▶ _WORK TO BE COMPLETED_:
Search the listing below for the word "mathcal", and copy every line in which it turns up.

▶ _DATA RECORDS_:
-------------------------
(* For all $U,U_0\in\mathbb{O}_+(p,r)$, $$\|\mathcal{A}(U)-\mathcal{A}(U_0)\|_F\le 2\|U-U_0\|_F .$$
   Context: Fix $1\le r\le p$. $\mathbb{O}(p,r)=\{U\in\mathbb{R}^{p\times r}:U^TU=I_r\}$ and $\mathbb{O}_+(p,r)=\{U=\begin{bmatrix}Q_1\\Q_2\end{bmatrix}\in\mathbb{O}(p,r): Q_1\in\mathbb{R}^{r\times r}\text{ symmetric positive definite}\}$. The inverse Cayley parameterization is the map $\mathcal{A}:\mathbb{O}_+(p,r)\to\mathbb{R}^{(p-r)\times r}$, $\mathcal{A}(U)=Q_2(I_r+Q_1)^{-1}$ for $U=\begin{bmatrix}Q_1\\Q_2\end{bmatrix}$. $\|\cdot\|_F$ is the Frobenius norm. *)

theory Defs
  imports "Jordan_Normal_Form.Matrix"
begin

definition orth_frame :: "nat \<Rightarrow> nat \<Rightarrow> real mat set" where
  "orth_frame p r = {U. U \<in> carrier_mat p r \<and> transpose_mat U * U = 1\<^sub>m r}"

definition sym_pos_def :: "nat \<Rightarrow> real mat \<Rightarrow> bool" where
  "sym_pos_def r Q \<longleftrightarrow> Q \<in> carrier_mat r r \<and> transpose_mat Q = Q \<and>
     (\<forall>x \<in> carrier_vec r. x \<noteq> 0\<^sub>v r \<longrightarrow> 0 < x \<bullet> (Q *\<^sub>v x))"

definition blockQ1 :: "nat \<Rightarrow> real mat \<Rightarrow> real mat" where
  "blockQ1 r U = mat r r (\<lambda>(i,j). U $$ (i,j))"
-------------------------
▶ _OUTPUT FOR THIS EXERCISE_:
(* For all $U,U_0\in\mathbb{O}_+(p,r)$, $$\|\mathcal{A}(U)-\mathcal{A}(U_0)\|_F\le 2\|U-U_0\|_F .$$
   Context: Fix $1\le r\le p$. $\mathbb{O}(p,r)=\{U\in\mathbb{R}^{p\times r}:U^TU=I_r\}$ and $\mathbb{O}_+(p,r)=\{U=\begin{bmatrix}Q_1\\Q_2\end{bmatrix}\in\mathbb{O}(p,r): Q_1\in\mathbb{R}^{r\times r}\text{ symmetric positive definite}\}$. The inverse Cayley parameterization is the map $\mathcal{A}:\mathbb{O}_+(p,r)\to\mathbb{R}^{(p-r)\times r}$, $\mathcal{A}(U)=Q_2(I_r+Q_1)^{-1}$ for $U=\begin{bmatrix}Q_1\\Q_2\end{bmatrix}$. $\|\cdot\|_F$ is the Frobenius norm. *)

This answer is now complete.